To an objective view, the Bharatiya Janata Party (BJP) appears to have derived some mileage out of the recent political crisis - and its resolution through the decision of the institutions in the system to go in for a fresh general election. The crisis triggered by the Jain Commission's Interim Report served, in the first instance, to divert attention from the potentially huge damage done to the BJP's political stock and image by the Uttar Pradesh developments (refer "The Great Lucknow Circus: The BJP makes a mess of its U.P. coup", Cover Story, Frontline , Nov. 28, 1997). The big political question at this juncture seems to be whether this gain will be marginal or worse - worse, that is, for the polity and the people of India.

But one thing looks pretty much certain: no formation, let alone party, will emerge from the twelfth general election with a majority. The Indian polity appears to be divided into three broad national 'formations' - the BJP and its allies, the 14-party United Front, and the Congress(I) and its allies. But this itself might be an oversimplification. In a tight race, small numbers belonging to a fourth, unclassifiable category may tilt the balance in favour of one formation or another and, correspondingly, compound the instability.

AGAINST a backdrop of so much volatility and uncertainty, it is reassuring that the performance of the institutions of democracy has been creditable and reliable. In particular, the roles of a constitutionally circumscribed, but not quite ceremonial President and Election Commission have come in for much public appreciation.

A multi-member Election Commission is clearly better for fair, free and tension-free elections than a single-member body that is in the habit of grandstanding. The present three-member Election Commission has provided every indication that it is on top of the situation - and that it is possible to be firm, objective and reform-minded without going over the top.

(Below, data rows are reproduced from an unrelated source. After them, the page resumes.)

(* Every metacyclic subgroup of a finite symmetric group $S_m$ contains at most $4$ transpositions, and this bound is attained: the metacyclic subgroup $\langle (1\,2\,3)(4\,5),(1\,2)\rangle\le S_5$ contains exactly the four transpositions $(1\,2),(2\,3),(1\,3),(4\,5)$.
   Context: A group is metacyclic if it has a cyclic normal subgroup with cyclic quotient. *)

theory Defs
  imports "HOL-Algebra.Algebra"
begin

definition is_cyclic_group :: "('a, 'b) monoid_scheme \<Rightarrow> bool" where
  "is_cyclic_group G \<longleftrightarrow> group G \<and> (\<exists>g \<in> carrier G. carrier G = generate G {g})"

definition metacyclic :: "('a, 'b) monoid_scheme \<Rightarrow> bool" where
  "metacyclic G \<longleftrightarrow> group G \<and>
     (\<exists>N. N \<lhd> G \<and> is_cyclic_group (G\<lparr>carrier := N\<rparr>) \<and> is_cyclic_group (G Mod N))"

definition transpositions_in :: "(nat \<Rightarrow> nat) set \<Rightarrow> (nat \<Rightarrow> nat) set" where
  "transpositions_in H = {p \<in> H. \<exists>a b. a \<noteq> b \<and> p = Transposition.transpose a b}"

end

theory Submission
  imports Defs
begin

text \<open>
  Let \<open>H \<le> S\<^sub>m\<close> have a cyclic normal subgroup \<open>N\<close> with cyclic quotient \<open>H/N\<close>.
  Two facts about cyclic groups drive the argument: a finite cyclic group has at most one
  involution, and two of its elements of order 3 are equal or mutually inverse.
  (1) If two distinct transpositions of \<open>H\<close> share a point, their commutator is a 3-cycle on the
  three points involved, and it lies in \<open>N\<close> because \<open>H/N\<close> is abelian; hence all such pairs
  move the same three points.
  (2) Three transpositions \<open>s, t, u\<close> with disjoint supports are impossible: since \<open>H/N\<close> has
  at most one involution, each of \<open>{s, t, s t}\<close>, \<open>{s, u, s u}\<close>, \<open>{t, u, t u}\<close> meets \<open>N\<close> in an
  involution; as \<open>N\<close> has only one involution, the three sets would share an element.
  For sharpness, \<open>H\<^sub>0 = \<langle>(1 2 3)(4 5), (1 2)\<rangle>\<close> is metacyclic by a general criterion (a group
  generated by \<open>a, b\<close> where \<open>b\<close> normalises \<open>\<langle>a\<rangle>\<close>), and its transpositions are computed by
  noting that \<open>H\<^sub>0\<close> stabilises \<open>{1, 2, 3}\<close>.
\<close>

subsection \<open>Finite cyclic groups\<close>

lemma (in group) cyclic_torsion_exponent:
  assumes fin: "finite (carrier G)" and c: "c \<in> carrier G" "carrier G = generate G {c}"
    and z: "z \<in> carrier G" "z \<noteq> \<one>" "z [^] k = \<one>" and k: "0 < k"
  obtains i q where "z = c [^] i" "k * i = ord c * q" "0 < q" "q < k"
proof -
  have "carrier G = {c [^] i | i. i \<in> {0 .. ord c - 1}}"
    using c generate_pow_on_finite_carrier[OF fin c(1)] ord_elems[OF fin c(1)] by simp
  then obtain i where i: "z = c [^] i" "i \<le> ord c - 1" using z(1) by auto
  have ord_pos: "0 < ord c" using ord_ge_1[OF fin c(1)] by simp
  have "c [^] (k * i) = \<one>" using z(3) i(1) c(1) by (simp add: nat_pow_pow mult.commute)
  then obtain q where q: "k * i = ord c * q" using pow_eq_id[OF c(1)] by (auto elim: dvdE)
  have "i \<noteq> 0" using z(2) i(1) by (metis nat_pow_0)
  then have "0 < q" using q k by (metis gr0I mult_0_right mult_is_0)
  have "k * i < k * ord c" using i ord_pos k by simp
  then have "ord c * q < ord c * k" using q by (metis mult.commute)
  then have "q < k" by simp
  show thesis using that i(1) q \<open>0 < q\<close> \<open>q < k\<close> by blast
qed

lemma (in group) cyclic_involution_unique:
  assumes fin: "finite (carrier G)" and cyc: "is_cyclic_group G"
    and x: "x \<in> carrier G" "x \<noteq> \<one>" "x \<otimes> x = \<one>" and y: "y \<in> carrier G" "y \<noteq> \<one>" "y \<otimes> y = \<one>"
  shows "x = y"
proof -
  obtain c where c: "c \<in> carrier G" "carrier G = generate G {c}"
    using cyc unfolding is_cyclic_group_def by blast
  have half: "z = c [^] (ord c div 2)" if z: "z \<in> carrier G" "z \<noteq> \<one>" "z \<otimes> z = \<one>" for z
  proof -
    have pow: "z [^] (2::nat) = \<one>" using z by (simp add: numeral_2_eq_2)
    obtain i q where z_eq: "z = c [^] i" and iq: "2 * i = ord c * q" "0 < q" "q < 2"
      by (rule cyclic_torsion_exponent[OF fin c z(1,2) pow pos2])
    have "q = 1" using iq(2,3) by simp
    then have "i = ord c div 2" using iq(1) by presburger
    then show ?thesis using z_eq by simp
  qed
  show ?thesis using half[OF x] half[OF y] by simp
qed

lemma (in group) cyclic_order3_elements:
  assumes fin: "finite (carrier G)" and cyc: "is_cyclic_group G"
    and x: "x \<in> carrier G" "x \<noteq> \<one>" "x \<otimes> x \<otimes> x = \<one>" and y: "y \<in> carrier G" "y \<noteq> \<one>" "y \<otimes> y \<otimes> y = \<one>"
  shows "y = x \<or> y = x \<otimes> x"
proof -
  obtain c where c: "c \<in> carrier G" "carrier G = generate G {c}"
    using cyc unfolding is_cyclic_group_def by blast
  have third: "\<exists>i. z = c [^] i \<and> (3 * i = ord c \<or> 3 * i = 2 * ord c)"
    if z: "z \<in> carrier G" "z \<noteq> \<one>" "z \<otimes> z \<otimes> z = \<one>" for z
  proof -
    have pow: "z [^] (3::nat) = \<one>" using z by (simp add: numeral_3_eq_3 m_assoc)
    obtain i q where "z = c [^] i" "3 * i = ord c * q" "0 < q" "q < 3"
      by (rule cyclic_torsion_exponent[OF fin c z(1,2) pow zero_less_numeral])
    moreover have "q = 1 \<or> q = 2" using \<open>0 < q\<close> \<open>q < 3\<close> by auto
    ultimately show ?thesis by auto
  qed
  obtain i where i: "x = c [^] i" "3 * i = ord c \<or> 3 * i = 2 * ord c" using third[OF x] by blast
  obtain j where j: "y = c [^] j" "3 * j = ord c \<or> 3 * j = 2 * ord c" using third[OF y] by blast
  have square: "x \<otimes> x = c [^] (2 * i)" using i(1) c(1) by (simp add: nat_pow_mult mult_2)
  consider "i = j" | "j = 2 * i" | "2 * i = ord c + j" using i(2) j(2) by linarith
  then show ?thesis
  proof cases
    case 3
    have "x \<otimes> x = c [^] (ord c + j)" using square 3 by simp
    also have "\<dots> = c [^] ord c \<otimes> c [^] j" by (rule nat_pow_mult[OF c(1), symmetric])
    also have "\<dots> = y" using c(1) j(1) by (simp add: pow_ord_eq_1)
    finally show ?thesis by simp
  qed (use i j square in auto)
qed

subsection \<open>Cyclic quotients\<close>

text \<open>A cyclic quotient \<open>G/H\<close> is abelian, so \<open>x y\<close> and \<open>y x\<close> differ by an element of \<open>H\<close>.\<close>
lemma (in normal) cyclic_quotient_commute_mod:
  assumes cyc: "is_cyclic_group (G Mod H)" and x: "x \<in> carrier G" and y: "y \<in> carrier G"
  shows "\<exists>n\<in>H. x \<otimes> y = n \<otimes> (y \<otimes> x)"
proof -
  interpret Q: group "G Mod H" by (rule factorgroup_is_group)
  obtain g where g: "g \<in> carrier (G Mod H)" "carrier (G Mod H) = generate (G Mod H) {g}"
    using cyc unfolding is_cyclic_group_def by blast
  have "H #> x \<in> carrier (G Mod H)" "H #> y \<in> carrier (G Mod H)"
    using x y by (auto simp: carrier_FactGroup)
  then obtain i j :: int where "H #> x = g [^]\<^bsub>G Mod H\<^esub> i" "H #> y = g [^]\<^bsub>G Mod H\<^esub> j"
    using g Q.generate_pow[OF g(1)] by auto
  then have "(H #> x) <#> (H #> y) = (H #> y) <#> (H #> x)"
    using Q.int_pow_mult[OF g(1)] by (metis add.commute mult_FactGroup)
  then have "H #> (x \<otimes> y) = H #> (y \<otimes> x)" using x y by (simp add: rcos_sum)
  moreover have "x \<otimes> y \<in> H #> (x \<otimes> y)" using x y by (simp add: rcos_self subgroup_axioms)
  ultimately show ?thesis unfolding r_coset_def by auto
qed

text \<open>If \<open>G/H\<close> is finite and cyclic, then for two involutions \<open>x, y\<close> of \<open>G\<close> one of
  \<open>x\<close>, \<open>y\<close>, \<open>x y\<close> lies in \<open>H\<close>: the quotient has at most one involution.\<close>
lemma (in normal) cyclic_quotient_involutions:
  assumes fin: "finite (carrier G)" and cyc: "is_cyclic_group (G Mod H)"
    and x: "x \<in> carrier G" "x \<otimes> x = \<one>" and y: "y \<in> carrier G" "y \<otimes> y = \<one>"
  shows "x \<in> H \<or> y \<in> H \<or> x \<otimes> y \<in> H"
proof -
  interpret Q: group "G Mod H" by (rule factorgroup_is_group)
  have fin_Q: "finite (carrier (G Mod H))" using fin by (simp add: carrier_FactGroup)
  have coset: "H #> z \<in> carrier (G Mod H)" "(H #> z) <#> (H #> z) = H"
    if "z \<in> carrier G" "z \<otimes> z = \<one>" for z
    using that by (auto simp: carrier_FactGroup rcos_sum coset_join2 subgroup_axioms)
  have in_H: "z \<in> H" if "z \<in> carrier G" "H #> z = H" for z
    using coset_join1 that subgroup_axioms by blast
  show ?thesis
  proof (cases "H #> x = H \<or> H #> y = H")
    case True
    then show ?thesis using in_H x y by blast
  next
    case False
    then have "H #> x = H #> y"
      using Q.cyclic_involution_unique[OF fin_Q cyc] coset[OF x] coset[OF y] by simp
    then have "H #> (x \<otimes> y) = H" using coset[OF x] x y by (simp add: rcos_sum[symmetric])
    then show ?thesis using in_H x y by blast
  qed
qed

subsection \<open>A criterion for metacyclicity\<close>

lemma (in group) conjugate_generate_closed:
  assumes a: "a \<in> carrier G" and g: "g \<in> carrier G" and conj: "g \<otimes> a \<otimes> inv g \<in> generate G {a}"
    and n: "n \<in> generate G {a}"
  shows "g \<otimes> n \<otimes> inv g \<in> generate G {a}"
  using n
proof (induction rule: generate.induct)
  case one
  then show ?case using g generate.one by simp
next
  case (incl h)
  then show ?case using conj by simp
next
  case (inv h)
  then have "g \<otimes> inv h \<otimes> inv g = inv (g \<otimes> h \<otimes> inv g)"
    using a g by (simp add: inv_mult_group m_assoc)
  then show ?case using inv conj generate_m_inv_closed[of "{a}"] a by simp
next
  case (eng h1 h2)
  have "h1 \<in> carrier G" "h2 \<in> carrier G"
    using eng.hyps generate_in_carrier[of "{a}"] a by auto
  then have "g \<otimes> (h1 \<otimes> h2) \<otimes> inv g = (g \<otimes> h1 \<otimes> inv g) \<otimes> (g \<otimes> h2 \<otimes> inv g)"
    using g by (simp add: m_assoc inv_solve_left)
  then show ?case using eng.IH by (simp add: generate.eng)
qed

During the last phase of the crisis, the focus shifted to the role of the President, the exemplary K.R. Narayanan whose objectivity, fairness and well-informed responses have served the system well and made him a very popular figure. The perhaps overlong communique from the Rashtrapati Bhavan, responding to the perceived need for transparency but appearing to cover all bases, might have given the impression that various options were open to the President. They were not.

The only constitutionally proper - and beneficial - role the President can play in the Indian system of parliamentary democracy is to play by the book. The book assigns him a very high formal role, but wisely circumscribes his substantive powers to the point of not giving him any at all. It is not open to the President to overrule "advice" relating to any subject coming from a Council of Ministers that has not lost its legitimacy in terms of publicly known Lok Sabha arithmetic. It is not the constitutional business of the head of state to plump for some mythical 'stability' against the odds. Such action has, of course, been suggested by those who are constantly calling for an extra-constitutional presidential push to the idea of 'national government' or getting Members of Parliament to bypass the party system and elect a Prime Minister on the floor of Parliament. In short, the high office of the President in the Indian system cannot be converted into any kind of escape mechanism, let alone a deus ex machina.

THIS noted, we look forward, with a number of secular and progressive concerns but not without optimism, to the coming electoral season. We share the stoicism of the authors of our opening article that "elections 1998 will be yet another way station in the evolution of the Indian polity towards a more genuinely democratic and federal structure."

We would like to share with our readers an insight passed on by a professional pollster who has worked with Frontline in the past. The voter turn-out at the national level and in various battleground States, he tells us, will make a considerable difference to the outcome of this general election. And the lower the turn-out at the national level, it seems, the better it will be for the BJP. With the Congress(I) apparently not seriously in the race to form the next elected government in New Delhi, we hope that the people of India, by turning out enthusiastically to cast their votes, will ensure a democratic and secular outcome.